lemma avg_indicator:
  assumes "E \<subseteq> P" "E \<in> sets lebesgue"
  shows "avg (indicator E) P = measure lebesgue E / measure lebesgue P"
proof -
  have "wmeas (indicator E) P = integral\<^sup>L lebesgue (indicator E :: _ \<Rightarrow> real)"
    unfolding wmeas_def set_lebesgue_integral_def using assms(1)
    by (intro Bochner_Integration.integral_cong) (auto simp: indicator_def)
  then show ?thesis
    using assms(2) by (simp add: avg_def)
qed

end

section \<open>The operator T\<close>

locale weight_transfer = dyadic_child a c l j1
  for a c :: "real^'n" and l :: real and j1 :: "'n \<Rightarrow> nat" +
  fixes Q :: real
  assumes Q_ge_1: "Q \<ge> 1"
begin

definition "\<alpha> = (N * Q - (N - 1)) / Q"
definition "T w = Top N Q c P1 w"

text \<open>The invariant of the iteration: \<open>\<langle>w\<rangle>\<^sub>P = Q\<close> together with the upper halves of
  \<open>[w]\<^sub>A\<^sub>1 = Q\<close> and \<open>ess inf w = 1\<close>. The lower halves need not be carried along: they hold
  for every \<open>T w\<close>, because \<open>T w = 1\<close> and \<open>M(T w) = Q\<close> on \<open>P - P1\<close>.\<close>
definition A1_normalized :: "(real^'n \<Rightarrow> real) \<Rightarrow> bool" where
  "A1_normalized w \<longleftrightarrow> (\<forall>z\<in>P. 0 \<le> w z) \<and> set_integrable lebesgue P w \<and> avg w P = Q \<and>
     (AE z in lebesgue. z \<in> P \<longrightarrow> 1 \<le> w z \<and> dyadic_max a l w z \<le> ereal (Q * w z))"

lemma Q_pos: "Q > 0"
  using Q_ge_1 by simp

lemma alpha_ge_1: "\<alpha> \<ge> 1"
proof -
  have "(N - 1) * 1 \<le> (N - 1) * Q"
    using N_ge_2 Q_ge_1 by (intro mult_left_mono) auto
  then show ?thesis
    using Q_pos by (simp add: \<alpha>_def le_divide_eq algebra_simps)
qed

lemma alpha_div_N: "\<alpha> / N = 1 - (N - 1) / (N * Q)"
  using N_ge_2 Q_pos by (simp add: \<alpha>_def field_simps)

lemma T_phi: "y \<in> P \<Longrightarrow> T w (\<phi> y) = \<alpha> * w y"
  by (simp add: T_def Top_def P1_def \<alpha>_def inv_phi)

lemma T_outside: "z \<notin> P1 \<Longrightarrow> T w z = 1"
  by (simp add: T_def Top_def)

lemma T_nonneg:
  assumes "\<forall>z\<in>P. 0 \<le> w z" "z \<in> P"
  shows "0 \<le> T w z"
proof (cases "z \<in> P1")
  case True
  then obtain y where "y \<in> P" "z = \<phi> y" by (auto simp: P1_def)
  then show ?thesis using T_phi[of y w] assms alpha_ge_1 by simp
qed (simp add: T_outside)

lemma avg_abs:
  assumes "R \<in> sets lebesgue" "R \<subseteq> P" "\<forall>z\<in>P. 0 \<le> g z"
  shows "avg (\<lambda>x. \<bar>g x\<bar>) R = avg g R"
proof -
  have "wmeas (\<lambda>x. \<bar>g x\<bar>) R = wmeas g R"
    unfolding wmeas_def using assms by (intro set_lebesgue_integral_cong) auto
  then show ?thesis by (simp add: avg_def)
qed

lemma T_phi_image_integral:
  assumes wi: "set_integrable lebesgue P w" and R: "R \<subseteq> P" "R \<in> sets lebesgue"
  shows "set_integrable lebesgue (\<phi> ` R) (T w)"
    and "wmeas (T w) (\<phi> ` R) = \<alpha> / N * wmeas w R"
proof -
  have eq: "T w (c + (1/2) *\<^sub>R x) = \<alpha> * w x" if "x \<in> R" for x
    using T_phi[of x w] that R(1) by (auto simp: \<phi>_def)
  have "set_integrable lebesgue R (\<lambda>x. \<alpha> * w x)"
    using set_integrable_subset[OF wi R(2,1)] by (rule set_integrable_mult_right)
  then have g: "set_integrable lebesgue R (\<lambda>x. T w (c + (1/2) *\<^sub>R x))"
    by (subst set_integrable_cong[OF refl refl eq]) auto
  have "(LINT x:R|lebesgue. T w (c + (1/2) *\<^sub>R x)) = \<alpha> * wmeas w R"
    unfolding wmeas_def using eq R(2)
    by (subst set_lebesgue_integral_cong[where g="\<lambda>x. \<alpha> * w x"]) auto
  then show "set_integrable lebesgue (\<phi> ` R) (T w)" "wmeas (T w) (\<phi> ` R) = \<alpha> / N * wmeas w R"
    using set_integral_affine_image[of "1/2" R "T w" c, OF _ g]
    unfolding \<phi>_def wmeas_def by (simp_all add: N_def power_one_over)
qed

lemma T_integral_P:
  assumes wi: "set_integrable lebesgue P w"
  shows "set_integrable lebesgue P (T w)"
    and "wmeas (T w) P = \<alpha> / N * wmeas w P + (measure lebesgue P - measure lebesgue P / N)"
proof -
  have A: "set_integrable lebesgue P1 (T w)" "wmeas (T w) P1 = \<alpha> / N * wmeas w P"
    using T_phi_image_integral[OF wi subset_refl P_sets] by (simp_all add: P1_def)
  have DL: "P - P1 \<in> sets lebesgue" using P_sets P1_sets by auto
  have "emeasure lebesgue P < \<infinity>"
    using fmeasurableD2[OF P_lmeasurable] by (simp add: less_top)
  then have DF: "emeasure lebesgue (P - P1) < \<infinity>"
    using emeasure_mono[of "P - P1" P lebesgue] P_sets by (meson Diff_subset le_less_trans)
  have T1: "\<forall>x\<in>P - P1. T w x = 1" by (simp add: T_outside)
  have "set_integrable lebesgue (P - P1) (\<lambda>_. 1::real)"
    unfolding set_integrable_def using DL DF by simp
  then have B: "set_integrable lebesgue (P - P1) (T w)"
    by (subst set_integrable_cong[OF refl refl, where f'="\<lambda>_. 1"]) (auto simp: T_outside)
  have B2: "wmeas (T w) (P - P1) = measure lebesgue (P - P1)"
  proof -
    have "wmeas (T w) (P - P1) = (LINT x:(P - P1)|lebesgue. (1::real))"
      unfolding wmeas_def using DL T1 by (intro set_lebesgue_integral_cong) auto
    then show ?thesis using DL DF by (simp add: set_integral_const)
  qed
  have PU: "P = P1 \<union> (P - P1)" using P1_subset_P by auto
  show "set_integrable lebesgue P (T w)"
    using set_integrable_Un[OF A(1) B P1_sets DL] PU by simp
  have "wmeas (T w) P = wmeas (T w) P1 + wmeas (T w) (P - P1)"
    unfolding wmeas_def using set_integral_Un[of P1 "P - P1" lebesgue "T w"] A(1) B PU by auto
  then show "wmeas (T w) P = \<alpha> / N * wmeas w P + (measure lebesgue P - measure lebesgue P / N)"
    using A(2) B2 measure_P_minus_P1 by simp
qed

########################################

Using the entries above, return each line in which the word "subseteq" occurs.

Final answer:
  assumes "E \<subseteq> P" "E \<in> sets lebesgue"
  assumes "R \<in> sets lebesgue" "R \<subseteq> P" "\<forall>z\<in>P. 0 \<le> g z"
  assumes wi: "set_integrable lebesgue P w" and R: "R \<subseteq> P" "R \<in> sets lebesgue"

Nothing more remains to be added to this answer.